--- SUPPLIED DATA Enclosed Below ---

(* Let $\phi$ be a quantifier-free sentence of $\mathscr{L}_{\max}$. For every $f:\mathbb{N}\to\mathbb{N}$, $\mathscr{M}_f\models\phi$ if and only if there is some $k\in\mathbb{N}$ such that for every $g:\mathbb{N}\to\mathbb{N}$ extending $(f(0),\ldots,f(k))$, $\mathscr{M}_g\models\phi$, and checking $\mathscr{M}_g\models\phi$ via the inductive definition of the semantics never requires querying $g(i)$ for any $i>k$.
   Context: $\mathbb{N}^{<\mathbb{N}}$ denotes the set of finite sequences of naturals. The language $\mathscr{L}_{\max}$ is a first-order language extended with ellipses. Its symbols: a constant symbol $\mathbf{n}$ (also written $\bar n$) for each $n\in\mathbb{N}$; an $n$-ary function symbol $\tilde w$ for each $w:\mathbb{N}^n\to\mathbb{N}$ ($n>0$); an $n$-ary predicate symbol $\tilde p$ for each $p\subseteq\mathbb{N}^n$ ($n>0$); an "$\mathbb{N}^{<\mathbb{N}}$-ary" function symbol $\tilde G$ for each $G:\mathbb{N}^{<\mathbb{N}}\to\mathbb{N}$; one extra unary function symbol $\mathbf{f}$; and, for each variable $x$, a logical symbol $\cdots_x$. Terms and their free variables: a variable $x$ (free variables $\{x\}$); a constant (no free variables); $h(t_1,\ldots,t_n)$ for $h$ an $n$-ary or $\mathbb{N}^{<\mathbb{N}}$-ary function symbol and terms $t_i$ (free variables the union); and, for an $\mathbb{N}^{<\mathbb{N}}$-ary $G$, terms $u,v$ and a variable $x$, the term $G(u(\mathbf{0}),\cdots_x,u(v))$ with free variables $(FV(u)\setminus\{x\})\cup FV(v)$. Formulas are built from these terms as usual. Substitution is defined as usual with two new cases: for $y\neq x$, $G(u(\mathbf{0}),\cdots_x,u(v))(y|t)=G(u(y|t)(\mathbf{0}),\cdots_x,u(y|t)(v(y|t)))$, and $G(u(\mathbf{0}),\cdots_x,u(v))(x|t)=G(u(\mathbf{0}),\cdots_x,u(v(x|t)))$. For $f:\mathbb{N}\to\mathbb{N}$, $\mathscr{M}_f$ is the structure with universe $\mathbb{N}$ interpreting $\mathbf{n}$ as $n$, $\tilde w$ as $w$, $\tilde p$ as $p$, $\tilde G$ as $G$, and $\mathbf{f}$ as $f$. Under an assignment $s$, terms are evaluated by the usual induction plus the clause $G(u(\mathbf{0}),\cdots_x,u(v))^{s}=G\big(u(x|\mathbf{0})^{s},\ldots,u(x|\overline{v^{s}})^{s}\big)$; satisfaction is then defined as usual. "Querying $g(i)$" means applying the interpretation $g$ of $\mathbf{f}$ to the argument $i$ during this inductive evaluation. *)

theory Defs
  imports Main
begin

text \<open>
  Var x: variable; Cst n: constant symbol n-bar;
  Fn w ts: n-ary function symbol w-tilde applied to ts (n = length ts, w : N^n -> N,
    represented as a function on lists of length n);
  GFn G ts: N^{<N}-ary function symbol G-tilde applied to finitely many terms;
  Fq t: the extra unary function symbol f applied to t;
  Ell G u x v: the ellipsis term G(u(0), ..._x, u(v)).
\<close>

datatype trm =
    Var nat
  | Cst nat
  | Fn "nat list \<Rightarrow> nat" "trm list"
  | GFn "nat list \<Rightarrow> nat" "trm list"
  | Fq trm
  | Ell "nat list \<Rightarrow> nat" trm nat trm

datatype fm =
    Eq trm trm
  | Pred "nat list set" "trm list"
  | Neg fm
  | Conj fm fm
  | Disj fm fm
  | Imp fm fm
  | All nat fm
  | Ex nat fm

fun FVt :: "trm \<Rightarrow> nat set" where
  "FVt (Var x) = {x}"
| "FVt (Cst n) = {}"
| "FVt (Fn w ts) = \<Union> (set (map FVt ts))"
| "FVt (GFn G ts) = \<Union> (set (map FVt ts))"
| "FVt (Fq t) = FVt t"
| "FVt (Ell G u x v) = (FVt u - {x}) \<union> FVt v"

fun FV :: "fm \<Rightarrow> nat set" where
  "FV (Eq a b) = FVt a \<union> FVt b"
| "FV (Pred p ts) = \<Union> (set (map FVt ts))"
| "FV (Neg A) = FV A"
| "FV (Conj A B) = FV A \<union> FV B"
| "FV (Disj A B) = FV A \<union> FV B"
| "FV (Imp A B) = FV A \<union> FV B"
| "FV (All x A) = FV A - {x}"
| "FV (Ex x A) = FV A - {x}"

definition sentence :: "fm \<Rightarrow> bool" where
  "sentence A \<longleftrightarrow> FV A = {}"

fun qfree :: "fm \<Rightarrow> bool" where
  "qfree (Eq a b) = True"
| "qfree (Pred p ts) = True"
| "qfree (Neg A) = qfree A"
| "qfree (Conj A B) = (qfree A \<and> qfree B)"
| "qfree (Disj A B) = (qfree A \<and> qfree B)"
| "qfree (Imp A B) = (qfree A \<and> qfree B)"
| "qfree (All x A) = False"
| "qfree (Ex x A) = False"

fun wf_trm :: "trm \<Rightarrow> bool" where
  "wf_trm (Var x) = True"
| "wf_trm (Cst n) = True"
| "wf_trm (Fn w ts) = (ts \<noteq> [] \<and> (\<forall>t\<in>set ts. wf_trm t))"
| "wf_trm (GFn G ts) = (\<forall>t\<in>set ts. wf_trm t)"
| "wf_trm (Fq t) = wf_trm t"
| "wf_trm (Ell G u x v) = (wf_trm u \<and> wf_trm v)"

fun wf_fm :: "fm \<Rightarrow> bool" where
  "wf_fm (Eq a b) = (wf_trm a \<and> wf_trm b)"
| "wf_fm (Pred p ts) = (ts \<noteq> [] \<and> (\<forall>t\<in>set ts. wf_trm t))"
| "wf_fm (Neg A) = wf_fm A"
| "wf_fm (Conj A B) = (wf_fm A \<and> wf_fm B)"
| "wf_fm (Disj A B) = (wf_fm A \<and> wf_fm B)"
| "wf_fm (Imp A B) = (wf_fm A \<and> wf_fm B)"
| "wf_fm (All x A) = wf_fm A"
| "wf_fm (Ex x A) = wf_fm A"

fun subst :: "nat \<Rightarrow> trm \<Rightarrow> trm \<Rightarrow> trm" where
  "subst y t (Var z) = (if z = y then t else Var z)"
| "subst y t (Cst n) = Cst n"
| "subst y t (Fn w ts) = Fn w (map (subst y t) ts)"
| "subst y t (GFn G ts) = GFn G (map (subst y t) ts)"
| "subst y t (Fq a) = Fq (subst y t a)"
| "subst y t (Ell G u x v) =
     (if x = y then Ell G u x (subst y t v)
      else Ell G (subst y t u) x (subst y t v))"

lemma size_subst_Cst[simp]: "size (subst y (Cst n) u) = size u"
proof (induction u)
  case (Fn w ts)
  then show ?case by (simp add: size_list_conv_sum_list comp_def cong: map_cong)
next
  case (GFn G ts)
  then show ?case by (simp add: size_list_conv_sum_list comp_def cong: map_cong)
qed auto

function eval :: "(nat \<Rightarrow> nat) \<Rightarrow> (nat \<Rightarrow> nat) \<Rightarrow> trm \<Rightarrow> nat" where
  "eval g s (Var x) = s x"
| "eval g s (Cst n) = n"
| "eval g s (Fn w ts) = w (map (eval g s) ts)"
| "eval g s (GFn G ts) = G (map (eval g s) ts)"
| "eval g s (Fq a) = g (eval g s a)"
| "eval g s (Ell G u x v) =
     G (map (\<lambda>i. eval g s (subst x (Cst i) u)) [0..<Suc (eval g s v)])"
  by pat_completeness auto
termination
  by (relation "measure (\<lambda>(g, s, t). size t)")
     (auto simp: size_list_estimation' less_Suc_eq_le intro: size_list_estimation')

text \<open>queries g s t: the arguments i at which g (the interpretation of f) is applied
  during the inductive evaluation of t under s.\<close>
function queries :: "(nat \<Rightarrow> nat) \<Rightarrow> (nat \<Rightarrow> nat) \<Rightarrow> trm \<Rightarrow> nat set" where
  "queries g s (Var x) = {}"
| "queries g s (Cst n) = {}"
| "queries g s (Fn w ts) = \<Union> (set (map (queries g s) ts))"
| "queries g s (GFn G ts) = \<Union> (set (map (queries g s) ts))"
| "queries g s (Fq a) = queries g s a \<union> {eval g s a}"
| "queries g s (Ell G u x v) =
     queries g s v \<union> (\<Union>i \<in> {0..eval g s v}. queries g s (subst x (Cst i) u))"
  by pat_completeness auto
termination
  by (relation "measure (\<lambda>(g, s, t). size t)")
     (auto simp: size_list_estimation' less_Suc_eq_le intro: size_list_estimation')

fun sat :: "(nat \<Rightarrow> nat) \<Rightarrow> (nat \<Rightarrow> nat) \<Rightarrow> fm \<Rightarrow> bool" where
  "sat g s (Eq a b) = (eval g s a = eval g s b)"
| "sat g s (Pred p ts) = (map (eval g s) ts \<in> p)"
| "sat g s (Neg A) = (\<not> sat g s A)"
| "sat g s (Conj A B) = (sat g s A \<and> sat g s B)"
| "sat g s (Disj A B) = (sat g s A \<or> sat g s B)"
| "sat g s (Imp A B) = (sat g s A \<longrightarrow> sat g s B)"
| "sat g s (All x A) = (\<forall>n. sat g (s(x := n)) A)"
| "sat g s (Ex x A) = (\<exists>n. sat g (s(x := n)) A)"

fun fqueries :: "(nat \<Rightarrow> nat) \<Rightarrow> (nat \<Rightarrow> nat) \<Rightarrow> fm \<Rightarrow> nat set" where
  "fqueries g s (Eq a b) = queries g s a \<union> queries g s b"
| "fqueries g s (Pred p ts) = \<Union> (set (map (queries g s) ts))"
| "fqueries g s (Neg A) = fqueries g s A"
| "fqueries g s (Conj A B) = fqueries g s A \<union> fqueries g s B"
| "fqueries g s (Disj A B) = fqueries g s A \<union> fqueries g s B"
| "fqueries g s (Imp A B) = fqueries g s A \<union> fqueries g s B"
| "fqueries g s (All x A) = (\<Union>n. fqueries g (s(x := n)) A)"
| "fqueries g s (Ex x A) = (\<Union>n. fqueries g (s(x := n)) A)"

text \<open>M_g |= A (for all assignments; for sentences this is independent of the assignment).\<close>
definition models :: "(nat \<Rightarrow> nat) \<Rightarrow> fm \<Rightarrow> bool" where
  "models g A \<longleftrightarrow> (\<forall>s. sat g s A)"

end

theory Submission
  imports Defs
begin

text \<open>Evaluating a quantifier-free sentence in \<open>M_g\<close> queries \<open>g\<close> at only finitely many
  arguments, and both the truth value and the set of queried arguments depend only on the
  values of \<open>g\<close> at those arguments (a query is decided before its value is used, so the
  evaluations under \<open>f\<close> and under \<open>g\<close> run in lockstep as long as \<open>f\<close> and \<open>g\<close> agree on what
  has been queried so far). Hence \<open>k\<close> can be taken to be the largest argument queried when
  evaluating under \<open>f\<close>; conversely, \<open>g = f\<close> extends \<open>f(0), \<dots>, f(k)\<close>.\<close>

lemma FVt_subst_Cst [simp]: "FVt (subst y (Cst n) t) = FVt t - {y}"
  by (induction t) auto

lemma finite_queries: "finite (queries g s t)"
  by (induction g s t rule: queries.induct) auto

lemma finite_fqueries: "qfree A \<Longrightarrow> finite (fqueries g s A)"
  by (induction A) (auto simp: finite_queries)

lemma eval_queries_cong:
  assumes "\<forall>x\<in>FVt t. s x = s' x" and "\<forall>i\<in>queries g s t. g i = g' i"
  shows "eval g s t = eval g' s' t \<and> queries g s t = queries g' s' t"
  using assms
proof (induction g s t arbitrary: s' rule: eval.induct)
  case (3 g s w ts)
  then have "\<forall>t\<in>set ts. eval g s t = eval g' s' t \<and> queries g s t = queries g' s' t"
    by fastforce
  then show ?case by (simp cong: map_cong)
next
  case (4 g s G ts)
  then have "\<forall>t\<in>set ts. eval g s t = eval g' s' t \<and> queries g s t = queries g' s' t"
    by fastforce
  then show ?case by (simp cong: map_cong)
next
  case (5 g s a)
  then have "eval g s a = eval g' s' a \<and> queries g s a = queries g' s' a"
    by auto
  with "5.prems"(2) show ?case by auto
next
  case (6 g s G u x v)
  have v: "eval g s v = eval g' s' v \<and> queries g s v = queries g' s' v"
    using "6.prems" by (intro "6.IH"(1)) auto
  have u: "eval g s (subst x (Cst i) u) = eval g' s' (subst x (Cst i) u)
      \<and> queries g s (subst x (Cst i) u) = queries g' s' (subst x (Cst i) u)"
    if "i \<in> {0..eval g s v}" for i
    using that "6.prems" by (intro "6.IH"(2)) auto
  show ?case
    using u v by (auto simp: atLeastAtMost_upt intro!: arg_cong[where f = G] map_cong)
qed auto

lemma sat_fqueries_cong:
  assumes "qfree A" and "\<forall>x\<in>FV A. s x = s' x" and "\<forall>i\<in>fqueries g s A. g i = g' i"
  shows "sat g s A = sat g' s' A \<and> fqueries g s A = fqueries g' s' A"
  using assms
proof (induction A)
  case (Eq a b)
  then have "eval g s a = eval g' s' a \<and> queries g s a = queries g' s' a"
    and "eval g s b = eval g' s' b \<and> queries g s b = queries g' s' b"
    by (auto intro!: eval_queries_cong)
  then show ?case by simp
next
  case (Pred p ts)
  then have "\<forall>t\<in>set ts. eval g s t = eval g' s' t \<and> queries g s t = queries g' s' t"
    by (auto intro!: eval_queries_cong)
  then show ?case by (simp cong: map_cong)
qed auto

lemma sentence_queries_bounded:
  assumes "qfree \<phi>" and "sentence \<phi>"
  obtains k where "\<And>s. fqueries f s \<phi> \<subseteq> {..k}"
proof
  fix s
  have "fqueries f s \<phi> = fqueries f (\<lambda>_. 0) \<phi>"
    using assms by (intro sat_fqueries_cong[THEN conjunct2]) (auto simp: sentence_def)
  then show "fqueries f s \<phi> \<subseteq> {..Max (insert 0 (fqueries f (\<lambda>_. 0) \<phi>))}"
    using finite_fqueries[OF assms(1)] by auto
qed

theorem corollary3p6:
  fixes \<phi> :: fm and f :: "nat \<Rightarrow> nat"
  assumes "wf_fm \<phi>" and "qfree \<phi>" and "sentence \<phi>"
  shows "models f \<phi> \<longleftrightarrow>
    (\<exists>k::nat. \<forall>g::nat \<Rightarrow> nat. (\<forall>i\<le>k. g i = f i) \<longrightarrow>
        models g \<phi> \<and> (\<forall>s. fqueries g s \<phi> \<subseteq> {..k}))"
proof
  assume f: "models f \<phi>"
  obtain k where k: "\<And>s. fqueries f s \<phi> \<subseteq> {..k}"
    using sentence_queries_bounded[OF assms(2,3), where f = f] by blast
  have "models g \<phi> \<and> (\<forall>s. fqueries g s \<phi> \<subseteq> {..k})" if "\<forall>i\<le>k. g i = f i" for g
  proof -
    have "sat f s \<phi> = sat g s \<phi> \<and> fqueries f s \<phi> = fqueries g s \<phi>" for s
      using k that assms(2) by (intro sat_fqueries_cong) force+
    then show ?thesis
      using f k unfolding models_def by metis
  qed
  then show "\<exists>k. \<forall>g. (\<forall>i\<le>k. g i = f i) \<longrightarrow> models g \<phi> \<and> (\<forall>s. fqueries g s \<phi> \<subseteq> {..k})"
    by blast
qed blast

end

--- End of Enclosed SUPPLIED DATA ---

TASK OBJECTIVE ▸ As the answer, set down only the lines from the data above between the one holding "a) = g (eval" and the one holding "s (Fn w ts) = \<Union>", inclusive, exactly as they read.

ANSWER BOX ▸
| "eval g s (Fq a) = g (eval g s a)"
| "eval g s (Ell G u x v) =
     G (map (\<lambda>i. eval g s (subst x (Cst i) u)) [0..<Suc (eval g s v)])"
  by pat_completeness auto
termination
  by (relation "measure (\<lambda>(g, s, t). size t)")
     (auto simp: size_list_estimation' less_Suc_eq_le intro: size_list_estimation')

text \<open>queries g s t: the arguments i at which g (the interpretation of f) is applied
  during the inductive evaluation of t under s.\<close>
function queries :: "(nat \<Rightarrow> nat) \<Rightarrow> (nat \<Rightarrow> nat) \<Rightarrow> trm \<Rightarrow> nat set" where
  "queries g s (Var x) = {}"
| "queries g s (Cst n) = {}"
| "queries g s (Fn w ts) = \<Union> (set (map (queries g s) ts))"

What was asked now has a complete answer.